Pensaba que iba a una cita de fertilidad… pero lo que encontré allí me destrozó.

Pensaba que iba a una cita de fertilidad… pero lo que encontré allí me destrozó.

Mi mundo se rompió cuando escuché a mi esposo susurrarle a su exesposa embarazada en la sala de espera de una clínica. Él dijo: “Ella no puede enterarse,” y pensé que conocía su terrible secreto.

Pero estaba equivocada. Desde afuera, mi vida parecía perfecta: un buen trabajo, un hogar hermoso, un esposo amoroso. Casi todo era perfecto, salvo una cosa: un bebé.

Durante tres años luché por quedar embarazada. Probé de todo: acupuntura, médicos, terapia hormonal… solo para enfrentar mes tras mes de desilusión.

Jason siempre fue comprensivo, aunque notaba que también le afectaba.

Lo que hacía todo más difícil era saber que la exesposa de Jason, Olivia, tenía un hijo con él. Ellos habían concebido con facilidad, y a menudo me culpaba a mí misma, preguntándome si algo estaba mal en mí.

A pesar de mis dudas, Jason nunca me culpó. Hablamos antes de casarnos: él amaba ser padre y quería tener más hijos.

Cuando mi amiga Sarah me habló de una nueva clínica de fertilidad con un enfoque diferente, saqué una cita sin decirle a Jason. No quería crear falsas esperanzas hasta tener resultados.

La consulta fue bien, y por primera vez en meses, sentí una chispa de esperanza. Pero al salir para programar una segunda cita, mi mundo se desplomó.

Jason estaba allí. Olivia también. Y ella estaba visiblemente embarazada. Me escondí detrás de una revista, paralizada, intentando asimilarlo.

Entonces escuché a Jason decir: “Ella no puede enterarse. Le dije que trabajaré hasta tarde. Solo aguanta un poco más, ¿vale?” Olivia sonrió y acarició su barriga.

“Todo saldrá bien, tal como planeamos.” Casi me desmayo.
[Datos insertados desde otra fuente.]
(* $\mathbf T_{m+1}$ is a Poisson submanifold of $(\mathfrak g,{\rm PB}_2({\rm A}_1,{\rm A}_2,{\rm S}))$, and the induced bracket is given, for $1\le i,j\le m$ and all $k$, by $\{b_k,b_{k+1}\}_2=-a_k^{(1)}$; $\{b_k,a_{k+1}^{(j)}\}_2=-a_k^{(j+1)}$, $\{a_k^{(j)},b_{k+j+1}\}_2=-a_k^{(j+1)}$; $\{b_k,a_k^{(j)}\}_2=-b_ka_k^{(j)}$, $\{a_k^{(j)},b_{k+j}\}_2=-a_k^{(j)}b_{k+j}$; $\{a_k^{(i)},a_{k+i+1}^{(j)}\}_2=-a_k^{(i+j+1)}$; for $i<j$: $\{a_k^{(i)},a_k^{(j)}\}_2=-a_k^{(i)}a_k^{(j)}$ and $\{a_k^{(j)},a_{k+j-i}^{(i)}\}_2=-a_k^{(j)}a_{k+j-i}^{(i)}$; for $i\le j$ and $1\le\ell\le i$: $\{a_k^{(i)},a_{k+\ell}^{(j)}\}_2=-a_k^{(i)}a_{k+\ell}^{(j)}-a_k^{(j+\ell)}a_{k+\ell}^{(i-\ell)}$; for $i\le j$ and $j-i+1\le\ell\le j$: $\{a_k^{(j)},a_{k+\ell}^{(i)}\}_2=-a_k^{(j)}a_{k+\ell}^{(i)}-a_k^{(i+\ell)}a_{k+\ell}^{(j-\ell)}$; all other brackets between coordinate functions (other than those obtained by antisymmetry) vanish. (Here $N\ge2m+2$, so that the index patterns are distinct modulo $N$.)
   Context: Periodic lattice setting. Fix integers $N\ge2$, $m\ge1$, $\omega=e^{2\pi i/N}$, $\Omega=\mathrm{diag}(1,\omega,\dots,\omega^{N-1})$. $\mathfrak g=\{X(\lambda)\in gl(N)[\lambda,\lambda^{-1}]:\Omega X(\lambda)\Omega^{-1}=X(\omega\lambda)\}$ (finite sums $\sum_p\lambda^p\sum_{j-k\equiv p\,(\mathrm{mod}\,N)}x^{(p)}_{jk}E_{jk}$), matrix indices and lattice subscripts modulo $N$; scalar product $\langle X,Y\rangle$ = coefficient of $\lambda^0$ in $\mathrm{tr}(XY)$. $\mathfrak g_p$ = elements $\lambda^p\sum_{j-k\equiv p}x_{jk}E_{jk}$; $P_0,P_{>0},P_{<0}$ etc. are the projections onto $\mathfrak g_0$, $\oplus_{p>0}\mathfrak g_p$, $\oplus_{p<0}\mathfrak g_p$, etc. ${\rm R}_0=P_{>0}-P_{<0}$. $W$ is linear with $W=W\circ P_0$ and $W(E_{kk})=\sum_{j=1}^N\mathrm{sgn}(k-j)E_{jj}$. ${\rm A}_1={\rm R}_0+W$, ${\rm A}_2={\rm R}_0-W$, ${\rm S}=P_0-W$, ${\rm S}^*=P_0+W$. Gradient: $\langle\nabla\varphi(L),M\rangle=\frac{d}{d\varepsilon}\varphi(L+\varepsilon M)|_{\varepsilon=0}$; $d\varphi=L\nabla\varphi$, $d'\varphi=\nabla\varphi L$. ${\rm PB}_2({\rm A}_1,{\rm A}_2,{\rm S})$: $\{\varphi,\psi\}_2(L)=\frac12\langle{\rm A}_1(d'\varphi),d'\psi\rangle-\frac12\langle{\rm A}_2(d\varphi),d\psi\rangle+\frac12\langle{\rm S}(d\varphi),d'\psi\rangle-\frac12\langle{\rm S}^*(d'\varphi),d\psi\rangle$. $\mathcal E=\lambda\sum_kE_{k+1,k}$; $\mathbf T_{m+1}$ = set of $T=\mathcal E+\sum_kb_kE_{kk}+\sum_{j=1}^m\lambda^{-j}\sum_ka_k^{(j)}E_{k,k+j}$; coordinate functions $b_k(X)$ = coefficient of $\lambda^0E_{kk}$, $a_k^{(j)}(X)$ = coefficient of $\lambda^{-j}E_{k,k+j}$. Convention: $a_k^{(0)}=b_k$, $a_k^{(i)}=0$ for $i<0$ or $i>m$. *)

theory Defs
  imports Complex_Main
begin
(* For all integers $\ell,k\ge0$, in $U(gl(m|n+1))$, $$\sum_{p=1}^{N}(-1)^{(p)}\big[(\mathcal B^\ell)^p_{\ N},(\mathcal B^k)^N_{\ p}\big]=\sum_{i=0}^{\ell-1}\big(\hat I_i\,\tau_{\ell+k-1-i}-\hat I_{\ell+k-1-i}\,\tau_i\big).$$
   Context: Over $\mathbb{C}$, $N=m+n+1$, parity $(p)=0$ for $1\le p\le m$, $(p)=1$ for $m<p\le N$. $gl(m|n+1)$ has homogeneous basis $E_{pq}$ of parity $(p)+(q)$ with graded bracket $[E_{pq},E_{rs}]=\delta_{qr}E_{ps}-(-1)^{((p)+(q))((r)+(s))}\delta_{ps}E_{rq}$. $\mathcal B^p_{\ q}=(-1)^{(p)}E_{pq}$, with powers $(\mathcal B^k)^p_{\ q}=\sum_r\mathcal B^p_{\ r}(\mathcal B^{k-1})^r_{\ q}$, $(\mathcal B^0)^p_{\ q}=\delta_{pq}$; the entry $(\mathcal B^k)^p_{\ q}$ ($k\ge1$) is homogeneous of parity $(p)+(q)$. $\tau_k=(\mathcal B^k)^N_{\ N}$ (so $\tau_0=1$) and $\hat I_k=\sum_{p=1}^N(-1)^{(p)}(\mathcal B^k)^p_{\ p}$ (so $\hat I_0=m-n-1$), the Casimir elements of $gl(m|n+1)$. The bracket on the left is the graded commutator $[a,b]=ab-(-1)^{|a||b|}ba$ for homogeneous $a,b$. *)

theory Defs
  imports Complex_Main
begin

definition par :: "nat \<Rightarrow> nat \<Rightarrow> nat" where
  "par m p = (if p \<le> m then 0 else 1)"

definition gcomm :: "nat \<Rightarrow> nat \<Rightarrow> 'a::ring_1 \<Rightarrow> 'a \<Rightarrow> 'a" where
  "gcomm i j a b = a * b - (-1) ^ (i * j) * b * a"

definition gl_rel :: "nat \<Rightarrow> nat \<Rightarrow> (nat \<Rightarrow> nat \<Rightarrow> 'a::ring_1) \<Rightarrow> bool" where
  "gl_rel m n E \<longleftrightarrow>
     (\<forall>p\<in>{1..m+n+1}. \<forall>q\<in>{1..m+n+1}. \<forall>r\<in>{1..m+n+1}. \<forall>s\<in>{1..m+n+1}.
        gcomm (par m p + par m q) (par m r + par m s) (E p q) (E r s)
        = (if q = r then E p s else 0)
          - (-1) ^ ((par m p + par m q) * (par m r + par m s)) * (if p = s then E r q else 0))"

text \<open>Entries of powers of the matrix B, with B p q = (-1)^(p) E p q.\<close>
fun Bpow :: "nat \<Rightarrow> nat \<Rightarrow> (nat \<Rightarrow> nat \<Rightarrow> 'a::ring_1) \<Rightarrow> nat \<Rightarrow> nat \<Rightarrow> nat \<Rightarrow> 'a" where
  "Bpow m n E 0 p q = (if p = q then 1 else 0)"
| "Bpow m n E (Suc k) p q =
     (\<Sum>r = 1..m+n+1. ((-1) ^ par m p * E p r) * Bpow m n E k r q)"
Todo se aclaró: Jason había embarazado a su ex a mis espaldas.

Mientras yo luchaba por concebir, él ya me había reemplazado, con alguien cuyo cuerpo sí funcionaba. Y ni siquiera tuvo la decencia de decírmelo.

De alguna forma, pude salir de la clínica, demasiado aturdida para recordar cómo llegué a casa.

Esa noche, Jason actuó con normalidad, preguntándome por mi día como si nada hubiera pasado. Yo guardé silencio… por ahora.

La siguiente semana fue insoportable. Apenas comía o dormía, apartándome cada vez que Jason me tocaba. Pero el martes, estaba lista.

Llegué temprano a la clínica. A las 3:30 p.m., Jason apareció — y Olivia esperaba.

Entraron juntos. Yo los seguí. —¡Jason! —grité. Él se giró, sorprendido y pálido—. Rachel… por favor, déjame explicar.

En la sala de consulta, me preparé para la traición — pero escuché algo completamente diferente. —Es sobre Tyler —dijo Jason—. Nuestro hijo. Está muy enfermo.

Tyler, el hijo de Jason de su matrimonio anterior, tenía leucemia. Necesitaba un trasplante de células madre, pero ninguno de los dos era compatible.

La doctora Martínez explicó: “A veces se crea un hermano a través de FIV para obtener sangre del cordón umbilical. Es la última esperanza.”

Quedé en shock. —¿Están teniendo un bebé para salvarlo? Olivia agregó: —Tuvimos que hacerlo. Quizá no llegue a los dieciséis años.

Jason, con lágrimas, confesó que no me había contado porque temía el dolor que me causaría, especialmente después de todos nuestros intentos fallidos.

Entonces Olivia dijo algo inesperado: “Quiero que tú críes al bebé después de que recojamos la sangre del cordón. Tú y Jason.” Me quedé sin palabras.

Tres meses después, en el hospital, sostuve la mano de Olivia mientras daba a luz a una hermosa niña. La sangre del cordón fue enviada inmediatamente para ayudar a Tyler.

Olivia me miró y dijo: “Ahora es tuya.” La llamaron Grace. ¿Y el trasplante? Funcionó. Grace salvó la vida de su hermano — y me dio la oportunidad de ser madre por fin.